On 8 March 2017 at 14:59, Sumit Bose <sbose(a)redhat.com> wrote:
> On Wed, Mar 08, 2017 at 02:09:09PM +0000, John Beranek wrote:
>> On 8 March 2017 at 13:40, Mote, Todd <moter(a)austin.utexas.edu> wrote:
>> > Does on my rhel 6 boxes. I'm not in front of a computer at the moment,
but
>> > there is a log where you can see it. Sssd_domain.log I think. I'll
look
>> > when I get to work and let you know. Might search the list archive too
I'm
>> > pretty sure I asked about it when adcli was still in the .7’s.
>>
>> Hmm, just reading a list thread from September 2016 where it's
>> suggested that adcli doesn't get on well with Samba,entitled "samba
>> 4.2.11, 4.2.14 and sssd?"
http://bit.ly/2n60x4r
>>
>> I wonder if having adcli installed, but using "net ads join" to join
>> the domain is still troublesome...
>
> Maybe adcli does not lead to the expected result because you use
> 'kerberos method = secrets and keytab'. adcli can only update the keytab
> but not the host password stored in Samba's secrets.tdb. So chances are
> that even if the keys in the keytab are updated Samba will still use the
> old one from secrets.tdb. Have you tried to use 'kerberos method =
> system keytab'?
Thanks Sumit, no change with just the config change, would I need to
clear out the Samba database after the change?

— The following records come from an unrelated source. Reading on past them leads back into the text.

text \<open>Apply the polynomial identity to the approximants \<open>F\<^sub>n\<close> of
  \<open>1 / (z - x)\<close> (real and imaginary parts separately); \<open>L\<^sub>\<mu> F\<^sub>n(s)\<close> is the \<open>\<mu>\<close>-integral of the
  divided difference of \<open>F\<^sub>n\<close>.  By bounded convergence (three times) the identity passes to the
  limit, giving \<open>(z - c) G\<^sub>\<mu>(z) - 1 = \<gamma> G\<^sub>\<mu>(z) G\<^sub>\<nu>(z)\<close>, i.e. the continued-fraction relation.\<close>
lemma cauchy_transform_relation:
  fixes M N :: "real measure"
  assumes PM: "prob_space M" "sets M = sets borel" "AE x in M. \<bar>x\<bar> \<le> R"
    and PN: "prob_space N" "sets N = sets borel" "AE x in N. \<bar>x\<bar> \<le> R"
    and identity: "\<And>f. (\<integral>x. (x - c) * poly f x \<partial>M) = \<gamma> * (\<integral>y. poly (Lop M f) y \<partial>N)"
    and z: "Im z \<noteq> 0"
  shows "cauchy_transform M z
    = 1 / (z - of_real c - of_real \<gamma> * cauchy_transform N z)"
proof -
  obtain f g C where
    F_bound: "\<And>n x. \<bar>x\<bar> \<le> R \<Longrightarrow> cmod (of_real (poly (f n) x) + \<i> * of_real (poly (g n) x)) \<le> C"
    and F_lim: "\<And>x. \<bar>x\<bar> \<le> R \<Longrightarrow>
      (\<lambda>n. of_real (poly (f n) x) + \<i> * of_real (poly (g n) x)) \<longlonglongrightarrow> 1 / (z - of_real x)"
    and D_bound: "\<And>n s t. \<bar>s\<bar> \<le> R \<Longrightarrow> \<bar>t\<bar> \<le> R \<Longrightarrow>
      cmod (of_real (divdiff (f n) s t) + \<i> * of_real (divdiff (g n) s t)) \<le> C"
    and D_lim: "\<And>s t. \<bar>s\<bar> \<le> R \<Longrightarrow> \<bar>t\<bar> \<le> R \<Longrightarrow>
      (\<lambda>n. of_real (divdiff (f n) s t) + \<i> * of_real (divdiff (g n) s t))
        \<longlonglongrightarrow> 1 / ((z - of_real s) * (z - of_real t))"
    using cauchy_kernel_approximation[OF z] by blast
  define F where "F n x = of_real (poly (f n) x) + \<i> * of_real (poly (g n) x)" for n x
  define D where "D n s t = of_real (divdiff (f n) s t) + \<i> * of_real (divdiff (g n) s t)" for n s t
  define Y where "Y n s = (\<integral>t. D n s t \<partial>M)" for n s
  define GM GN where "GM = cauchy_transform M z" "GN = cauchy_transform N z"
  have fin: "finite_measure M" "finite_measure N"
    using PM(1) PN(1) by (simp_all add: prob_space.finite_measure)
  have kernel_continuous: "continuous_on UNIV (\<lambda>x. 1 / (z - of_real x))"
    by (intro continuous_intros) (use nonreal_diff_nonzero[OF z] in auto)
  have D_continuous: "continuous_on UNIV (D n s)" for n s
    unfolding D_def by (intro continuous_intros continuous_divdiff[THEN continuous_on_compose2]) auto
  have int_poly: "integrable M (\<lambda>x. (x - c) * poly h x)" "integrable N (poly h)" for h
    by (rule continuous_integrable[OF fin(1) PM(2,3)] continuous_integrable[OF fin(2) PN(2,3)];
        intro continuous_intros)+
  have int_divdiff: "integrable M (\<lambda>t. divdiff h s t)" for h s
    by (rule continuous_integrable[OF fin(1) PM(2,3) continuous_divdiff])
  have Y_poly: "Y n s = of_real (poly (Lop M (f n)) s) + \<i> * of_real (poly (Lop M (g n)) s)" for n s
    unfolding Y_def D_def poly_Lop_integral[OF fin(1) PM(2,3)] using int_divdiff by simp
  have approx_identity: "(\<integral>x. of_real (x - c) * F n x \<partial>M) = of_real \<gamma> * (\<integral>s. Y n s \<partial>N)" for n
  proof -
    have "(\<lambda>x. of_real (x - c) * F n x)
        = (\<lambda>x. of_real ((x - c) * poly (f n) x) + \<i> * of_real ((x - c) * poly (g n) x))"
      unfolding F_def by (rule ext) (simp add: algebra_simps)
    then have "(\<integral>x. of_real (x - c) * F n x \<partial>M) = of_real (\<integral>x. (x - c) * poly (f n) x \<partial>M)
        + \<i> * of_real (\<integral>x. (x - c) * poly (g n) x \<partial>M)"
      using integral_real_imag[OF int_poly(1) int_poly(1)] by simp
    also have "\<dots> = of_real \<gamma> * (of_real (\<integral>s. poly (Lop M (f n)) s \<partial>N)
        + \<i> * of_real (\<integral>s. poly (Lop M (g n)) s \<partial>N))"
      by (simp only: identity of_real_mult) (simp add: algebra_simps)
    also have "\<dots> = of_real \<gamma> * (\<integral>s. Y n s \<partial>N)"
      unfolding Y_poly using int_poly by simp
    finally show ?thesis .
  qed
  have lhs_lim: "(\<lambda>n. \<integral>x. of_real (x - c) * F n x \<partial>M)
      \<longlonglongrightarrow> (\<integral>x. of_real (x - c) * (1 / (z - of_real x)) \<partial>M)"
  proof (rule bounded_convergence_integral[OF fin(1) PM(3), where C="(R + \<bar>c\<bar>) * C"])
    show "(\<lambda>x. of_real (x - c) * (1 / (z - of_real x))) \<in> borel_measurable M"
      by (rule continuous_borel_measurable[OF PM(2)]) (intro continuous_intros kernel_continuous)
    show "(\<lambda>x. of_real (x - c) * F n x) \<in> borel_measurable M" for n
      unfolding F_def by (rule continuous_borel_measurable[OF PM(2)]) (intro continuous_intros)
    show "norm (of_real (x - c) * F n x) \<le> (R + \<bar>c\<bar>) * C" if x: "\<bar>x\<bar> \<le> R" for n x
      unfolding norm_mult norm_of_real F_def
      using F_bound[OF x, of n] x by (intro mult_mono) auto
    show "(\<lambda>n. of_real (x - c) * F n x) \<longlonglongrightarrow> of_real (x - c) * (1 / (z - of_real x))"
      if "\<bar>x\<bar> \<le> R" for x
      unfolding F_def by (intro tendsto_mult tendsto_const F_lim[OF that])
  qed
  have Y_lim: "(\<lambda>n. Y n s) \<longlonglongrightarrow> 1 / (z - of_real s) * GM" if s: "\<bar>s\<bar> \<le> R" for s
  proof -
    have "(\<lambda>n. Y n s) \<longlonglongrightarrow> (\<integral>t. 1 / (z - of_real s) * (1 / (z - of_real t)) \<partial>M)"
      unfolding Y_def
    proof (rule bounded_convergence_integral[OF fin(1) PM(3), where C=C])
      show "(\<lambda>t. 1 / (z - of_real s) * (1 / (z - of_real t))) \<in> borel_measurable M"
        by (rule continuous_borel_measurable[OF PM(2)]) (intro continuous_intros kernel_continuous)
      show "D n s \<in> borel_measurable M" for n
        by (rule continuous_borel_measurable[OF PM(2) D_continuous])
      show "norm (D n s t) \<le> C" if "\<bar>t\<bar> \<le> R" for n t
        unfolding D_def by (rule D_bound[OF s that])
      show "(\<lambda>n. D n s t) \<longlonglongrightarrow> 1 / (z - of_real s) * (1 / (z - of_real t))" if "\<bar>t\<bar> \<le> R" for t
        using D_lim[OF s that] unfolding D_def by simp
    qed
    then show ?thesis
      unfolding GM_GN_def cauchy_transform_def by (simp only: integral_mult_right_zero)
  qed
  have Y_bound: "norm (Y n s) \<le> C" if s: "\<bar>s\<bar> \<le> R" for n s
    unfolding Y_def
  proof (rule norm_integral_le_bound[OF PM(1)])
    show "AE t in M. cmod (D n s t) \<le> C"
      using PM(3) unfolding D_def by eventually_elim (rule D_bound[OF s])
    show "integrable M (D n s)"
      by (rule continuous_integrable[OF fin(1) PM(2,3) D_continuous])
  qed
  have rhs_lim: "(\<lambda>n. \<integral>s. Y n s \<partial>N) \<longlonglongrightarrow> (\<integral>s. 1 / (z - of_real s) * GM \<partial>N)"
  proof (rule bounded_convergence_integral[OF fin(2) PN(3), where C=C])
    show "(\<lambda>s. 1 / (z - of_real s) * GM) \<in> borel_measurable N"
      by (rule continuous_borel_measurable[OF PN(2)]) (intro continuous_intros kernel_continuous)
    show "Y n \<in> borel_measurable N" for n
      unfolding Y_poly[abs_def] by (rule continuous_borel_measurable[OF PN(2)]) (intro continuous_intros)
  qed (use Y_bound Y_lim in auto)
  have "(\<integral>s. 1 / (z - of_real s) * GM \<partial>N) = GN * GM"
    unfolding GM_GN_def cauchy_transform_def by (rule integral_mult_left_zero)
  then have "(\<lambda>n. \<integral>x. of_real (x - c) * F n x \<partial>M) \<longlonglongrightarrow> of_real \<gamma> * (GM * GN)"
    using tendsto_mult[OF tendsto_const rhs_lim, of "of_real \<gamma>"] unfolding approx_identity
    by (simp add: mult.commute)
  with lhs_lim have limit: "(\<integral>x. of_real (x - c) * (1 / (z - of_real x)) \<partial>M) = of_real \<gamma> * (GM * GN)"
    using LIMSEQ_unique by blast
  have pointwise: "of_real (x - c) * (1 / (z - of_real x)) = (z - of_real c) * (1 / (z - of_real x)) - 1"
    for x using nonreal_diff_nonzero[OF z, of x] by (simp add: field_simps)
  have integrable_kernel: "integrable M (\<lambda>x. (z - of_real c) * (1 / (z - of_real x)))"
    by (intro integrable_mult_right continuous_integrable[OF fin(1) PM(2,3) kernel_continuous])
  have "(\<integral>x. of_real (x - c) * (1 / (z - of_real x)) \<partial>M)
      = (\<integral>x. (z - of_real c) * (1 / (z - of_real x)) \<partial>M) - (\<integral>x. 1 \<partial>M)"
    unfolding pointwise
    by (rule Bochner_Integration.integral_diff[OF integrable_kernel finite_measure.integrable_const[OF fin(1)]])
  also have "\<dots> = (z - of_real c) * GM - 1"
    unfolding integral_mult_right_zero GM_GN_def cauchy_transform_def
    using prob_space.prob_space[OF PM(1)] by simp
  finally have "(\<integral>x. of_real (x - c) * (1 / (z - of_real x)) \<partial>M) = (z - of_real c) * GM - 1" .
  then have "GM * (z - of_real c - of_real \<gamma> * GN) = 1"
    using limit by (simp add: algebra_simps)
  then show ?thesis
    unfolding GM_GN_def by (metis nonzero_eq_divide_eq mult.commute mult_zero_left zero_neq_one)
qed

theorem proposition4p6:
  fixes M N :: "real measure" and p q :: "real poly" and P :: "nat \<Rightarrow> real poly"
  assumes "prob_space M" "sets M = sets borel" "compactly_supported M"
    and "prob_space N" "sets N = sets borel" "compactly_supported N"
    and "\<forall>a. M \<noteq> return borel a"
    and "p \<noteq> 0 \<or> q \<noteq> 0"
    and "\<forall>n. P n \<noteq> 0 \<and> degree (P n) = n"
    and "\<forall>n. \<exists>c::real. p * Lop N (Lop M (P n)) + q * Lop M (P n) = smult c (P n)"
    and "\<forall>n m. n \<noteq> m \<longrightarrow> (\<integral>x. poly (P n) x * poly (P m) x \<partial>M) = 0"
  shows "\<exists>\<beta> \<gamma>. \<gamma> > 0 \<and> is_Phi \<beta> \<gamma> N M"
proof -
  obtain RM RN where "AE x in M. \<bar>x\<bar> \<le> RM" "AE x in N. \<bar>x\<bar> \<le> RN"
    using compactly_supported_AE_bounded assms(3,6) by metis
  then have RM: "AE x in M. \<bar>x\<bar> \<le> max RM RN" and RN: "AE x in N. \<bar>x\<bar> \<le> max RM RN"
    by (auto elim: AE_mp)
  define \<beta> \<gamma> where "\<beta> = moment M 1" "\<gamma> = moment M 2 - moment M 1 ^ 2"
  have "\<gamma> > 0"
    unfolding \<beta>_\<gamma>_def by (rule variance_pos[OF assms(1,2) RM assms(7)])
  moreover have "is_Phi \<beta> \<gamma> N M"
    unfolding is_Phi_def \<beta>_\<gamma>_def
    by (intro allI impI cauchy_transform_relation[OF assms(1,2) RM assms(4,5) RN]
        moment_identity[OF assms(1,2) RM assms(4,5) RN assms(7-11)])
  ultimately show ?thesis by blast
qed

end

Getting the following, which may answer that question:
[2017/03/08 16:04:56.947025, 0] libads/kerberos_util.c:101(ads_kinit_password)
kerberos_kinit_password SERVER$(a)EXAMPLE.COM failed: Preauthentication failed
[2017/03/08 16:04:56.947192, 3]
printing/nt_printing_ads.c:639(check_published_printers)
ads_connect failed: Preauthentication failed
John
--
John Beranek To generalise is to be an idiot.